Based on MDR analysis, the best 5-factor interaction model including WRN-rs11574311 (T>C), WRN-rs4733220 (G>A), WRN-rs1801195 (T>G), OGG1-rs2072668 (G>C) and OGG1-rs2304277 (A>G) showed the highest testing accuracy compared with the single-factor models. Based on CART analysis, WRN-rs11574311 (T>C) polymorphism was also the most important individual susceptibility factor for ARC development. Moreover, gene-gene interaction analysis showed significant interactions among the WRN-rs11574311 (T>C), WRN-rs4733220 (G>A), WRN-rs1801195 (T>G), OGG1-rs2304277 (A>G) and OGG1-rs2072668 (G>C) SNPs in association with ARC risk.

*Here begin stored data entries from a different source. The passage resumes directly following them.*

lemma mat_mult_assoc:
  "mat_mult n (mat_mult n A B) C = mat_mult n A (mat_mult n (B::nat \<Rightarrow> nat \<Rightarrow> 'a::ring_1) C)"
proof (intro ext)
  fix i k
  have "mat_mult n (mat_mult n A B) C i k = (\<Sum>j\<in>{1..n}. \<Sum>l\<in>{1..n}. A i l * B l j * C j k)"
    by (simp add: mat_mult_def sum_distrib_right)
  also have "\<dots> = (\<Sum>l\<in>{1..n}. \<Sum>j\<in>{1..n}. A i l * B l j * C j k)"
    by (rule sum.swap)
  also have "\<dots> = mat_mult n A (mat_mult n B C) i k"
    by (simp add: mat_mult_def sum_distrib_left mult.assoc)
  finally show "mat_mult n (mat_mult n A B) C i k = mat_mult n A (mat_mult n B C) i k" .
qed

lemma mat_eq_mult_left: "mat_eq n X Y \<Longrightarrow> mat_eq n (mat_mult n E X) (mat_mult n E (Y::nat \<Rightarrow> nat \<Rightarrow> 'a::ring_1))"
  by (simp add: mat_eq_def mat_mult_def)

lemma mat_eq_mult_right: "mat_eq n X Y \<Longrightarrow> mat_eq n (mat_mult n X E) (mat_mult n (Y::nat \<Rightarrow> nat \<Rightarrow> 'a::ring_1) E)"
  by (simp add: mat_eq_def mat_mult_def)

lemma mat_mult_id_right: "mat_eq n (mat_mult n A mat_id) (A::nat \<Rightarrow> nat \<Rightarrow> 'a::ring_1)"
  by (simp add: mat_eq_def mat_mult_def mat_id_def if_distrib[of "\<lambda>x. _ * x"] cong: if_cong)

lemma mat_mult_id_left: "mat_eq n (mat_mult n mat_id A) (A::nat \<Rightarrow> nat \<Rightarrow> 'a::ring_1)"
  by (simp add: mat_eq_def mat_mult_def mat_id_def if_distrib[of "\<lambda>x. x * _"] cong: if_cong)

lemma mat_mult_cancel_inner:
  assumes "mat_eq n (mat_mult n X Y) mat_id"
  shows "mat_eq n (mat_mult n (mat_mult n A X) (mat_mult n Y B)) (mat_mult n A (B::nat \<Rightarrow> nat \<Rightarrow> 'a::ring_1))"
proof -
  have "mat_eq n (mat_mult n A (mat_mult n (mat_mult n X Y) B)) (mat_mult n A (mat_mult n mat_id B))"
    by (rule mat_eq_mult_left[OF mat_eq_mult_right[OF assms]])
  also have "mat_eq n \<dots> (mat_mult n A B)"
    by (rule mat_eq_mult_left[OF mat_mult_id_left])
  finally show ?thesis by (simp add: mat_mult_assoc)
qed

lemma mat_mult_elem_mat:
  assumes "p \<in> {1..n}"
  shows "mat_eq n (mat_mult n A (elem_mat p q a)) (add_col (A::nat \<Rightarrow> nat \<Rightarrow> 'a::ring_1) p q a)"
  unfolding mat_eq_def
proof (intro ballI)
  fix i k assume "i \<in> {1..n}" "k \<in> {1..n}"
  have "mat_mult n A (elem_mat p q a) i k = (\<Sum>j\<in>{1..n}. (if j = k then A i j else 0)) +
      (\<Sum>j\<in>{1..n}. (if j = p then (if k = q then A i j * a else 0) else 0))"
    by (simp add: mat_mult_def elem_mat_def mat_id_def distrib_left sum.distrib
        if_distrib[of "\<lambda>x. _ * x"] cong: if_cong)
  also have "\<dots> = add_col A p q a i k"
    using assms \<open>k \<in> {1..n}\<close> by (simp add: add_col_def)
  finally show "mat_mult n A (elem_mat p q a) i k = add_col A p q a i k" .
qed

definition diag_entry :: "nat \<Rightarrow> 'a::ring_1 \<Rightarrow> nat \<Rightarrow> 'a" where
  "diag_entry n x i = (if i = n then x else 1)"

lemma mat_mult_diag_last_right:
  "k \<in> {1..n} \<Longrightarrow> mat_mult n X (diag_last n x) i k = X i k * diag_entry n x k"
  by (simp add: mat_mult_def diag_last_def diag_entry_def if_distrib[of "\<lambda>y. _ * y"] cong: if_cong)

lemma mat_mult_diag_last_left:
  "i \<in> {1..n} \<Longrightarrow> mat_mult n (diag_last n x) X i k = diag_entry n x i * X i k"
  by (simp add: mat_mult_def diag_last_def diag_entry_def if_distrib[of "\<lambda>y. y * _"] cong: if_cong)

lemma diag_entry_nonzero: "(x::'a::division_ring) \<noteq> 0 \<Longrightarrow> diag_entry n x i \<noteq> 0"
  by (simp add: diag_entry_def)

lemma elem_mat_diag_last_commute:
  assumes "p \<noteq> q" "(x::'a::division_ring) \<noteq> 0"
  shows "mat_eq n (mat_mult n (elem_mat p q a) (diag_last n x))
     (mat_mult n (diag_last n x) (elem_mat p q (inverse (diag_entry n x p) * a * diag_entry n x q)))"
  using assms diag_entry_nonzero[OF assms(2), of n]
  by (auto simp: mat_eq_def mat_mult_diag_last_right mat_mult_diag_last_left elem_mat_def mat_id_def mult.assoc)

lemma elem_prods_diag_last_commute:
  assumes "E \<in> elem_prods n" "(x::'a::division_ring) \<noteq> 0"
  shows "\<exists>E'\<in>elem_prods n. mat_eq n (mat_mult n E (diag_last n x)) (mat_mult n (diag_last n x) E')"
  using assms(1)
proof (induction rule: elem_prods.induct)
  case id
  show ?case
    by (rule bexI[OF _ elem_prods.id]) (meson mat_eq_sym mat_eq_trans mat_mult_id_left mat_mult_id_right)
next
  case (step E p q a)
  then obtain E' where E': "E' \<in> elem_prods n"
    "mat_eq n (mat_mult n E (diag_last n x)) (mat_mult n (diag_last n x) E')" by blast
  define a' where "a' = inverse (diag_entry n x p) * a * diag_entry n x q"
  have "mat_eq n (mat_mult n (mat_mult n E (elem_mat p q a)) (diag_last n x))
                 (mat_mult n E (mat_mult n (diag_last n x) (elem_mat p q a')))"
    unfolding mat_mult_assoc a'_def
    by (rule mat_eq_mult_left[OF elem_mat_diag_last_commute]) (use step assms in auto)
  moreover have "mat_eq n (mat_mult n E (mat_mult n (diag_last n x) (elem_mat p q a')))
                          (mat_mult n (diag_last n x) (mat_mult n E' (elem_mat p q a')))"
    using mat_eq_mult_right[OF E'(2)] by (simp only: mat_mult_assoc)
  ultimately show ?case using elem_prods.step[OF E'(1) step(2,3,4)] mat_eq_trans by blast
qed

lemma elim_det_mult_elem_prods:
  "E \<in> elem_prods n \<Longrightarrow> abel_eq (elim_det n (mat_mult n A E)) (elim_det n (A::nat \<Rightarrow> nat \<Rightarrow> 'a::division_ring))"
proof (induction rule: elem_prods.induct)
  case id
  then show ?case using elim_det_cong[OF mat_mult_id_right, of n A] by simp
next
  case (step E p q a)
  have "elim_det n (mat_mult n A (mat_mult n E (elem_mat p q a))) = elim_det n (add_col (mat_mult n A E) p q a)"
    unfolding mat_mult_assoc[symmetric] by (rule elim_det_cong[OF mat_mult_elem_mat]) (use step in simp)
  also have "abel_eq \<dots> (elim_det n (mat_mult n A E))"
    by (rule elim_det_add_col) (use step in auto)
  finally show ?case using step.IH abel_eq_trans by blast
qed

lemma elim_det_diag_last:
  assumes "n \<ge> 1" "(x::'a::division_ring) \<noteq> 0"
  shows "abel_eq (elim_det n (diag_last n x)) x"
proof -
  have "map (\<lambda>i. diag_last n x i i) [1..<n] = map (\<lambda>_. 1) [1..<n]"
    by (simp add: diag_last_def)
  then have "map (\<lambda>i. diag_last n x i i) [1..<n] = replicate (n - 1) 1"
    by (simp add: map_replicate_const)
  then have "prod_list (map (\<lambda>i. diag_last n x i i) [1..<Suc n]) = x"
    using assms(1) by (simp add: diag_last_def)
  moreover have "abel_eq (elim_det n (diag_last n x)) (prod_list (map (\<lambda>i. diag_last n x i i) [1..<Suc n]))"
    using assms(2) by (intro elim_det_lower_triangular) (auto simp: lower_triangular_def diag_last_def)
  ultimately show ?thesis by simp
qed

lemma elim_det_factor:
  assumes "n \<ge> 1" "E \<in> elem_prods n" "(x::'a::division_ring) \<noteq> 0"
    and "mat_eq n A (mat_mult n E (diag_last n x))"
  shows "abel_eq (elim_det n A) x"
proof -
  obtain E' where E': "E' \<in> elem_prods n"
    "mat_eq n (mat_mult n E (diag_last n x)) (mat_mult n (diag_last n x) E')"
    using elem_prods_diag_last_commute[OF assms(2,3)] by blast
  have "elim_det n A = elim_det n (mat_mult n (diag_last n x) E')"
    using elim_det_cong mat_eq_trans[OF assms(4) E'(2)] by blast
  then show ?thesis
    using elim_det_mult_elem_prods[OF E'(1)] elim_det_diag_last[OF assms(1,3)] abel_eq_trans by metis
qed

definition elem_diag_factorable :: "nat \<Rightarrow> (nat \<Rightarrow> nat \<Rightarrow> 'a::division_ring) \<Rightarrow> bool" where
  "elem_diag_factorable n A \<longleftrightarrow>
     (\<exists>E\<in>elem_prods n. \<exists>x. x \<noteq> 0 \<and> mat_eq n A (mat_mult n E (diag_last n x)))"

lemma mat_invertible_cong: "mat_eq n A B \<Longrightarrow> mat_invertible n A \<Longrightarrow> mat_invertible n (B::nat \<Rightarrow> nat \<Rightarrow> 'a::ring_1)"
  unfolding mat_invertible_def
  by (meson mat_eq_mult_left mat_eq_mult_right mat_eq_sym mat_eq_trans)

lemma mat_invertible_mult:
  assumes "mat_invertible n A" "mat_invertible n (B::nat \<Rightarrow> nat \<Rightarrow> 'a::ring_1)"
  shows "mat_invertible n (mat_mult n A B)"
proof -
  obtain A' B' where A': "mat_eq n (mat_mult n A A') mat_id" "mat_eq n (mat_mult n A' A) mat_id"
    and B': "mat_eq n (mat_mult n B B') mat_id" "mat_eq n (mat_mult n B' B) mat_id"
    using assms unfolding mat_invertible_def by blast
  have "mat_eq n (mat_mult n (mat_mult n A B) (mat_mult n B' A')) mat_id"
    using mat_eq_trans[OF mat_mult_cancel_inner[OF B'(1)] A'(1)] .
  moreover have "mat_eq n (mat_mult n (mat_mult n B' A') (mat_mult n A B)) mat_id"
    using mat_eq_trans[OF mat_mult_cancel_inner[OF A'(2)] B'(2)] .
  ultimately show ?thesis unfolding mat_invertible_def by blast
qed

lemma mat_invertible_elem_mat:
  assumes "p \<in> {1..n}" "p \<noteq> q"
  shows "mat_invertible n (elem_mat p q a :: nat \<Rightarrow> nat \<Rightarrow> 'a::ring_1)"
proof -
  have "mat_eq n (mat_mult n (elem_mat p q b) (elem_mat p q (- b))) (mat_id :: nat \<Rightarrow> nat \<Rightarrow> 'a)" for b
    by (rule mat_eq_trans[OF mat_mult_elem_mat[OF assms(1)]])
      (use assms in \<open>auto simp: mat_eq_def add_col_def elem_mat_def mat_id_def\<close>)
  from this[of a] this[of "- a"] show ?thesis unfolding mat_invertible_def by auto
qed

We used 10-fold cross-validation method to compare MDR and CART models and to evaluate if there is an over-fitting issue. In the 5-factor and their two-way interaction items model that was derived from MDR, the AUC from training data analysis was 0.6130, which was slightly higher than that from testing data analysis (AUC = 0.5566). The difference of these two AUCs was 0.0563. However, in the 7-factor and their two-way interaction items selected from Cart model the AUC from training data analysis 0.5703, which was slightly higher than that derived from testing AUC (0.5488, difference = 0.0215). AUC from model established by MDR is slightly high, compared with AUC from the model established by CART, which seems predictive performance of two models are similar in current study. There are smaller difference of AUCs between training data and testing data analysis in two models respectively, which implied that there is no serious over-fitting issue in both models.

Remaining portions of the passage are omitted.